■ **Problem description**:
Where does the string "LINT" occur in the records below? Copy every line that holds it.

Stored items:
(* Let $1<\alpha<2$ and $k_{1/2}(x):=x^{\alpha/2-1}(1-x)^{\alpha/2-1}$ for $x\in(0,1)$. Then \[ \big(D\,\mathbf{D}^{-(2-\alpha)}+D\,\mathbf{D}^{-(2-\alpha)*}\big)k_{1/2}(x)=0,\qquad x\in(0,1). \]
   Context: $D=d/dx$. For $\sigma>0$ and $u$ on $(0,1)$: $\mathbf{D}^{-\sigma}u(x)=\frac{1}{\Gamma(\sigma)}\int_0^x (x-s)^{\sigma-1}u(s)\,ds$ and $\mathbf{D}^{-\sigma*}u(x)=\frac{1}{\Gamma(\sigma)}\int_x^1 (s-x)^{\sigma-1}u(s)\,ds$. *)

theory Defs
  imports "HOL-Analysis.Analysis"
begin

definition frac_int_left :: "real \<Rightarrow> (real \<Rightarrow> real) \<Rightarrow> real \<Rightarrow> real" where
  "frac_int_left \<sigma> u x = (LINT s:{0..x}|lborel. (x - s) powr (\<sigma> - 1) * u s) / Gamma \<sigma>"

definition frac_int_right :: "real \<Rightarrow> (real \<Rightarrow> real) \<Rightarrow> real \<Rightarrow> real" where
  "frac_int_right \<sigma> u x = (LINT s:{x..1}|lborel. (s - x) powr (\<sigma> - 1) * u s) / Gamma \<sigma>"

end

theory Submission
  imports Defs
begin

text \<open>Write p = \<alpha>/2 and w_a(t) = t^a (1 - t)^a, so that k = w_(p-1).
  The substitution t = s u / (1 - s + s u) shows that w_(p-1) is, up to the factor
  B(1 - p, 2p - 1), the Riemann--Liouville integral of order 2p - 1 of w_(-p).
  As the orders 2 - 2p and 2p - 1 add up to 1, the semigroup property makes the left
  integral of order 2 - \<alpha> of k a constant multiple C of the primitive of w_(-p), with
  derivative C w_(-p)(x). Since k is symmetric under t \<mapsto> 1 - t, the right integral at x
  is the left one at 1 - x, whose derivative is -C w_(-p)(1 - x) = -C w_(-p)(x).\<close>

definition beta_weight :: "real \<Rightarrow> real \<Rightarrow> real" where
  "beta_weight a t = t powr a * (1 - t) powr a"

lemma beta_weight_reflect [simp]: "beta_weight a (1 - t) = beta_weight a t"
  by (simp add: beta_weight_def mult.commute)

lemma beta_weight_nonneg [simp]: "0 \<le> beta_weight a t"
  by (simp add: beta_weight_def)

lemma borel_measurable_beta_weight [measurable]: "beta_weight a \<in> borel_measurable borel"
  unfolding beta_weight_def by measurable

lemma Beta_real_pos: "0 < a \<Longrightarrow> 0 < b \<Longrightarrow> 0 < Beta a (b::real)"
  by (simp add: Beta_def Gamma_real_pos)

lemma nn_integral_Beta_interval:
  fixes a b t x :: real
  assumes ab: "0 < a" "0 < b" and tx: "t < x"
  shows "(\<integral>\<^sup>+s. ennreal (indicator {t..x} s * (x - s) powr (a - 1) * (s - t) powr (b - 1)) \<partial>lborel)
       = ennreal ((x - t) powr (a + b - 1) * Beta a b)"
proof -
  define \<phi> where "\<phi> u = t + (x - t) * u" for u
  have "(\<integral>\<^sup>+s. ennreal (indicator {t..x} s * (x - s) powr (a - 1) * (s - t) powr (b - 1)) \<partial>lborel)
      = (\<integral>\<^sup>+s. ennreal ((x - s) powr (a - 1) * (s - t) powr (b - 1) * indicator {\<phi> 0..\<phi> 1} s) \<partial>lborel)"
    by (simp add: \<phi>_def mult_ac)
  also have "\<dots> = (\<integral>\<^sup>+u. ennreal ((x - \<phi> u) powr (a - 1) * (\<phi> u - t) powr (b - 1) * (x - t) * indicator {0..1} u) \<partial>lborel)"
    by (rule nn_integral_substitution[where g=\<phi> and g'="\<lambda>_. x - t"])
       (use tx in \<open>auto simp: set_borel_measurable_def \<phi>_def[abs_def] intro!: derivative_eq_intros\<close>)
  also have "\<dots> = (\<integral>\<^sup>+u. ennreal (indicator {0..1} u * ((x - t) powr (a + b - 1) * (u powr (b - 1) * (1 - u) powr (a - 1)))) \<partial>lborel)"
  proof (rule nn_integral_cong)
    fix u :: real
    have "(x - \<phi> u) powr (a - 1) * (\<phi> u - t) powr (b - 1) * (x - t)
        = (x - t) powr (a + b - 1) * (u powr (b - 1) * (1 - u) powr (a - 1))" if "u \<in> {0..1}"
    proof -
      have "x - \<phi> u = (x - t) * (1 - u)" "\<phi> u - t = (x - t) * u"
        by (simp_all add: \<phi>_def algebra_simps)
      moreover have "(x - t) powr (a + b - 1) = (x - t) powr (a - 1) * (x - t) powr (b - 1) * (x - t)"
        using tx powr_add[of "x - t" "a - 1 + (b - 1)" 1] powr_add[of "x - t" "a - 1" "b - 1"]
        by (simp add: algebra_simps)
      ultimately show ?thesis
        using that tx by (simp add: powr_mult)
    qed
    then show "ennreal ((x - \<phi> u) powr (a - 1) * (\<phi> u - t) powr (b - 1) * (x - t) * indicator {0..1} u)
        = ennreal (indicator {0..1} u * ((x - t) powr (a + b - 1) * (u powr (b - 1) * (1 - u) powr (a - 1))))"
      by (simp add: indicator_def mult.assoc)
  qed
  also have "\<dots> = ennreal ((x - t) powr (a + b - 1) * Beta a b)"
    by (rule nn_integral_has_integral_lebesgue)
       (use has_integral_mult_right[OF has_integral_Beta_real[OF ab(2,1)]] in \<open>auto simp: Beta_commute\<close>)
  finally show ?thesis .
qed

■ **Output for this task**:
  "frac_int_left \<sigma> u x = (LINT s:{0..x}|lborel. (x - s) powr (\<sigma> - 1) * u s) / Gamma \<sigma>"
  "frac_int_right \<sigma> u x = (LINT s:{x..1}|lborel. (s - x) powr (\<sigma> - 1) * u s) / Gamma \<sigma>"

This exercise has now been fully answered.